The video lectures were well organized.
The interaction with the Jupyter Notebook was sometimes confusing but perhaps this was due to my limited knowledge of Python.
автор: Stephan S•
Hi, at first thanks for everyone to make this course possible. In contrast of teh first two parts of the specialization, this course is quite challanging. Some real example would make live a lot easier. Nevertheless in my opinion it is worth the effort.
автор: Shri H•
The programming assignments are very poorly designed (along with bugs ) which makes it really frustrating at times. The Course is overall insightful but requires lots of background study and practice. Basics of Python (using numpy module)is essential.
автор: Gaetano F•
I found the course excellent but in the programming assignments is not always clear what should one exactly do. They are also quite confusing, especially the last one on PCA implementation. One wastes so much time trying to figure out the solution.

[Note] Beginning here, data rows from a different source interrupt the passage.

lemma surj_vertical_derivative:
  assumes "open W" "(s0, y0) \<in> W" "(H has_derivative DH) (at (s0, y0))"
    and "(g has_derivative D) (at y0)" "surj D" "\<And>y. (s0, y) \<in> W \<Longrightarrow> H (s0, y) = g y"
  shows "surj (\<lambda>v. DH (0, v))"
proof -
  have "((\<lambda>y. (s0, y)) has_derivative (\<lambda>v. (0, v))) (at y0)"
    by (auto intro!: derivative_eq_intros)
  from has_derivative_compose[OF this assms(3)]
  have slice: "((\<lambda>y. H (s0, y)) has_derivative (\<lambda>v. DH (0, v))) (at y0)" .
  have "open ((\<lambda>y. (s0, y)) -` W)"
    using assms(1) by (intro continuous_open_vimage continuous_intros)
  then have "(g has_derivative (\<lambda>v. DH (0, v))) (at y0)"
    using assms(2,6) by (intro has_derivative_transform_within_open[OF slice]) auto
  then show ?thesis
    using assms(4,5) has_derivative_unique by metis
qed

lemma inj_on_chart: "is_chart T U \<phi> \<Longrightarrow> inj_on \<phi> U"
  unfolding is_chart_def homeomorphic_eq_everything_map
  by (metis openin_subset topspace_subtopology_subset)

lemma continuous_map_chart_inverse:
  assumes "is_chart T U \<phi>"
  shows "continuous_map (top_of_set (\<phi> ` U)) T (inv_into U \<phi>)"
proof -
  have "topspace (subtopology T U) = U"
    using assms openin_subset by (auto simp: is_chart_def)
  then show ?thesis
    using assms continuous_map_inv_into_homeomorphic_map[of "subtopology T U"]
    by (metis continuous_map_into_fulltopology is_chart_def)
qed

lemma openin_chart_preimage:
  assumes "is_chart T U \<phi>" "open Z"
  shows "openin T {x \<in> U. \<phi> x \<in> Z}"
proof -
  have U: "openin T U" and hom: "homeomorphic_map (subtopology T U) (top_of_set (\<phi> ` U)) \<phi>"
    using assms(1) by (simp_all add: is_chart_def)
  have "continuous_map (subtopology T U) euclidean \<phi>"
    using homeomorphic_imp_continuous_map[OF hom] by (rule continuous_map_into_fulltopology)
  moreover have "openin euclidean Z"
    using assms(2) by simp
  ultimately have "openin (subtopology T U) {x \<in> topspace (subtopology T U). \<phi> x \<in> Z}"
    by (rule openin_continuous_map_preimage)
  then have "openin (subtopology T U) {x \<in> U. \<phi> x \<in> Z}"
    by (simp only: topspace_subtopology_subset[OF openin_subset[OF U]])
  then show ?thesis
    using U by (rule openin_trans_full)
qed

lemma continuous_map_homotopy_in_chart:
  assumes "continuous_map (prod_topology (top_of_set S) T) T' (\<lambda>(s, x). f s x)"
    and "is_chart T U \<phi>"
  shows "continuous_map (top_of_set (S \<times> \<phi> ` U)) T' (\<lambda>(t, y). f t (inv_into U \<phi> y))"
proof -
  have "continuous_map (top_of_set (S \<times> \<phi> ` U)) (top_of_set S) fst"
    and snd: "continuous_map (top_of_set (S \<times> \<phi> ` U)) (top_of_set (\<phi> ` U)) snd"
    by (auto simp: continuous_map_iff_continuous intro: continuous_intros)
  moreover have "continuous_map (top_of_set (S \<times> \<phi> ` U)) T (inv_into U \<phi> \<circ> snd)"
    using continuous_map_compose[OF snd continuous_map_chart_inverse[OF assms(2)]] .
  ultimately have "continuous_map (top_of_set (S \<times> \<phi> ` U)) (prod_topology (top_of_set S) T)
      (\<lambda>(t, y). (t, inv_into U \<phi> y))"
    by (simp add: continuous_map_pairwise o_def case_prod_beta)
  from continuous_map_compose[OF this assms(1)] show ?thesis
    by (simp add: o_def split_def)
qed

lemma smooth_homotopyD:
  fixes A :: "('a set \<times> ('a \<Rightarrow> 'm::euclidean_space)) set"
    and B :: "('b set \<times> ('b \<Rightarrow> 'n::euclidean_space)) set"
  assumes "smooth_homotopy T A T' B f" "(U, \<phi>) \<in> A" "(V, \<psi>) \<in> B" "s \<in> {0..1}" "x \<in> U" "f s x \<in> V"
  obtains W and H :: "real \<times> 'm \<Rightarrow> 'n" where "open W" "(s, \<phi> x) \<in> W" "smooth_on W H"
    "\<And>t y. (t, y) \<in> W \<Longrightarrow> t \<in> {0..1} \<Longrightarrow> y \<in> \<phi> ` U \<Longrightarrow> f t (inv_into U \<phi> y) \<in> V \<Longrightarrow>
       H (t, y) = \<psi> (f t (inv_into U \<phi> y))"
proof -
  have "\<forall>(U, \<phi>) \<in> A. \<forall>(V, \<psi>) \<in> B. \<forall>s x. s \<in> {0..1} \<and> x \<in> U \<and> f s x \<in> V \<longrightarrow>
      (\<exists>W H. open W \<and> (s, \<phi> x) \<in> W \<and> smooth_on W (H :: real \<times> 'm \<Rightarrow> 'n) \<and>
         (\<forall>(t, y) \<in> W. t \<in> {0..1} \<and> y \<in> \<phi> ` U \<and> f t (inv_into U \<phi> y) \<in> V \<longrightarrow>
            H (t, y) = \<psi> (f t (inv_into U \<phi> y))))"
    using assms(1) unfolding smooth_homotopy_def by (rule conjunct2)
  then have "\<exists>W H. open W \<and> (s, \<phi> x) \<in> W \<and> smooth_on W (H :: real \<times> 'm \<Rightarrow> 'n) \<and>
      (\<forall>(t, y) \<in> W. t \<in> {0..1} \<and> y \<in> \<phi> ` U \<and> f t (inv_into U \<phi> y) \<in> V \<longrightarrow>
         H (t, y) = \<psi> (f t (inv_into U \<phi> y)))"
    using assms(2-6) by fastforce
  with that show ?thesis
    by blast
qed

lemma smooth_homotopy_local_representative:
  fixes f :: "real \<Rightarrow> 'a \<Rightarrow> 'b" and A :: "('a set \<times> ('a \<Rightarrow> 'm::euclidean_space)) set"
    and B :: "('b set \<times> ('b \<Rightarrow> 'n::euclidean_space)) set"
  assumes hom: "smooth_homotopy T A T' B f"
    and U: "(U, \<phi>) \<in> A" "is_chart T U \<phi>" and V: "(V, \<psi>) \<in> B" "is_chart T' V \<psi>"
    and "s0 \<in> {0..1}" "x0 \<in> U" "f s0 x0 \<in> V"
  obtains W and H :: "real \<times> 'm \<Rightarrow> 'n"
  where "open W" "(s0, \<phi> x0) \<in> W" "smooth_on W H"
    "\<And>t y. (t, y) \<in> W \<Longrightarrow> t \<in> {0..1} \<Longrightarrow>
       y \<in> \<phi> ` U \<and> f t (inv_into U \<phi> y) \<in> V \<and> H (t, y) = \<psi> (f t (inv_into U \<phi> y))"
proof -
  obtain W0 and H :: "real \<times> 'm \<Rightarrow> 'n" where W0: "open W0" "(s0, \<phi> x0) \<in> W0" "smooth_on W0 H"
    and agree: "\<And>t y. (t, y) \<in> W0 \<Longrightarrow> t \<in> {0..1} \<Longrightarrow> y \<in> \<phi> ` U \<Longrightarrow> f t (inv_into U \<phi> y) \<in> V \<Longrightarrow>
       H (t, y) = \<psi> (f t (inv_into U \<phi> y))"
    using smooth_homotopyD[OF hom U(1) V(1) assms(6-8)] by blast
  define F where "F = (\<lambda>(t, y). f t (inv_into U \<phi> y))"
  have "continuous_map (prod_topology (top_of_set {0..1}) T) T' (\<lambda>(s, x). f s x)"
    using hom unfolding smooth_homotopy_def by (rule conjunct1)
  then have "continuous_map (top_of_set ({0..1} \<times> \<phi> ` U)) T' F"
    unfolding F_def using U(2) by (rule continuous_map_homotopy_in_chart)
  moreover have "openin T' V"
    using V(2) by (simp add: is_chart_def)
  ultimately have "openin (top_of_set ({0..1} \<times> \<phi> ` U))
      {p \<in> topspace (top_of_set ({0..1} \<times> \<phi> ` U)). F p \<in> V}"
    by (rule openin_continuous_map_preimage)
  then obtain E where "open E" and E: "{p \<in> {0..1} \<times> \<phi> ` U. F p \<in> V} = ({0..1} \<times> \<phi> ` U) \<inter> E"
    unfolding openin_open topspace_euclidean_subtopology by blast
  have inv: "inv_into U \<phi> (\<phi> x0) = x0"
    using inj_on_chart[OF U(2)] assms(7) by simp
  show ?thesis
  proof
    show "open (W0 \<inter> E \<inter> UNIV \<times> \<phi> ` U)"
      using W0(1) \<open>open E\<close> U(2) by (intro open_Int open_Times) (simp_all add: is_chart_def)
    have "(s0, \<phi> x0) \<in> {p \<in> {0..1} \<times> \<phi> ` U. F p \<in> V}"
      using assms(6-8) inv by (simp add: F_def)
    then show "(s0, \<phi> x0) \<in> W0 \<inter> E \<inter> UNIV \<times> \<phi> ` U"
      using W0(2) E by blast
    show "smooth_on (W0 \<inter> E \<inter> UNIV \<times> \<phi> ` U) H"
      using W0(3) by (rule smooth_on_subset) blast
  next
    fix t y assume ty: "(t, y) \<in> W0 \<inter> E \<inter> UNIV \<times> \<phi> ` U" "t \<in> {0..1}"
    then have "(t, y) \<in> {p \<in> {0..1} \<times> \<phi> ` U. F p \<in> V}"
      using E by blast
    then have "y \<in> \<phi> ` U" "f t (inv_into U \<phi> y) \<in> V"
      by (simp_all add: F_def)
    with ty agree show "y \<in> \<phi> ` U \<and> f t (inv_into U \<phi> y) \<in> V \<and> H (t, y) = \<psi> (f t (inv_into U \<phi> y))"
      by simp
  qed
qed

lemma smooth_homotopy_locally_onto_in_charts:
  assumes "smooth_homotopy T A T' B f" "submersion T A T' B (f 0)"
    and U: "(U, \<phi>) \<in> A" "is_chart T U \<phi>" "x0 \<in> U"
    and V: "(V, \<psi>) \<in> B" "is_chart T' V \<psi>" "f 0 x0 \<in> V"
  obtains S0 Z where "open S0" "open Z" "0 \<in> S0" "\<psi> (f 0 x0) \<in> Z"
    "\<And>s z. s \<in> S0 \<Longrightarrow> s \<in> {0..1} \<Longrightarrow> z \<in> Z \<Longrightarrow>
       \<exists>y\<in>\<phi> ` U. f s (inv_into U \<phi> y) \<in> V \<and> \<psi> (f s (inv_into U \<phi> y)) = z"
proof -
  obtain W H where W: "open W" "(0, \<phi> x0) \<in> W" "smooth_on W H"
    and rep: "\<And>t y. (t, y) \<in> W \<Longrightarrow> t \<in> {0..1} \<Longrightarrow>
       y \<in> \<phi> ` U \<and> f t (inv_into U \<phi> y) \<in> V \<and> H (t, y) = \<psi> (f t (inv_into U \<phi> y))"
    using smooth_homotopy_local_representative[OF assms(1) U(1,2) V(1,2) _ U(3) V(3)] by auto
  have "H differentiable_on W"
    using W(3) by (rule smooth_on_imp_differentiable_on)
  then obtain DH where DH: "(H has_derivative DH) (at (0, \<phi> x0))" and "continuous_on W H"
    using W(1,2) differentiable_imp_continuous_on
    by (metis at_within_open differentiable_def differentiable_on_def)
  have "x0 \<in> topspace T"
    using U(2,3) openin_subset by (force simp: is_chart_def)
  then obtain D where D: "((\<psi> \<circ> f 0 \<circ> inv_into U \<phi>) has_derivative D) (at (\<phi> x0))" "surj D"
    using assms(2) U V unfolding submersion_def by blast
  have "surj (\<lambda>v. DH (0, v))"
    using surj_vertical_derivative[OF W(1,2) DH D] rep by simp
  then obtain S0 Z where S0Z: "open S0" "open Z" "0 \<in> S0" "H (0, \<phi> x0) \<in> Z"
    and onto: "\<And>s z. s \<in> S0 \<Longrightarrow> z \<in> Z \<Longrightarrow> \<exists>y. (s, y) \<in> W \<and> H (s, y) = z"
    using family_locally_onto[OF W(1,2) \<open>continuous_on W H\<close> DH] by blast
  have "H (0, \<phi> x0) = \<psi> (f 0 x0)"
    using rep[OF W(2)] inj_on_chart[OF U(2)] U(3) by simp
  moreover have "\<exists>y\<in>\<phi> ` U. f s (inv_into U \<phi> y) \<in> V \<and> \<psi> (f s (inv_into U \<phi> y)) = z"
    if "s \<in> S0" "s \<in> {0..1}" "z \<in> Z" for s z
    using onto[OF that(1,3)] rep that(2) by metis
  ultimately show ?thesis
    using that S0Z by simp
qed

some of the mathematical derivations got so detailed that i couldn't follow them. it would be great to add checkpoints in to test/validate/discuss progress so that over a long and complex topic, there can be waypoints to ensure understanding.
автор: Ronald T B•
it is very challenging course, of course you will complain at first on how lack the programming explanation is given. However, it just like the ingredients the math for machine learning will not be complete without attempting to this one.
автор: Вернер А И•
Very tough course because of the programming assignments. Material was sometimes taught in a non-clear and deceiving way, e.g. covariance matrix of a dataset. Nevertheless, the course is good and covers lots of important details.
автор: Tuan A T•
The PCA exercises should have been broken into smaller exercises so that it makes it easier to solve. Also, there's a numpy complex dtype issue in the last exercise which requires some debugging to figure out the problem.
автор: Kisan T•
Great Course but not good as previous two courses. It helps me gather great idea about Principle Component Analysis. Thanks to Coursera, Imperial College London, and Professors for this amazing course and specialization.
автор: SUJITH V•
This is a great course. It covers the topic in good amount of detail. I have enjoyed this course a lot and it also made me think deeper at a lot of places. I am motivated to go and do more work on related topics now.
автор: João M G•
The course was great till the final week. The lectures did not explain very well the concepts and the assignment was poorly designed. It's a shame because I've loved the more rigorous way of this final course.
I think it's really a hard lesson for me, but I've also learn a lot, thanks a lot for the teacher and coursera. Some Programming test take too long to execute, and there are some errors in it. just be careful
автор: Suyog P•
Finally understood basic intuition of PCA, never got perfect resource before. However, there was a sharp change in terms of course delivery than the previous two courses of this specialization. So, heads up.
автор: Alina I H•
Sometimes the instructions in the labs were a little unclear. Also, the instructor could have displayed a little more fun - but I guess that's how we Germans are ;) still a very recommendable course!
автор: Divya M•
The Programming assignments are quite challenging. The teaching part doesn't equip you with enough resources regarding numpy to get full marks in the Programming Assignments. Good teaching though.
автор: Camilo J•
Great capstone for the three-class Mathematics for Machine Learning series. Assignments were way harder and programming debugging skills had to be appropiate in order to finish the class.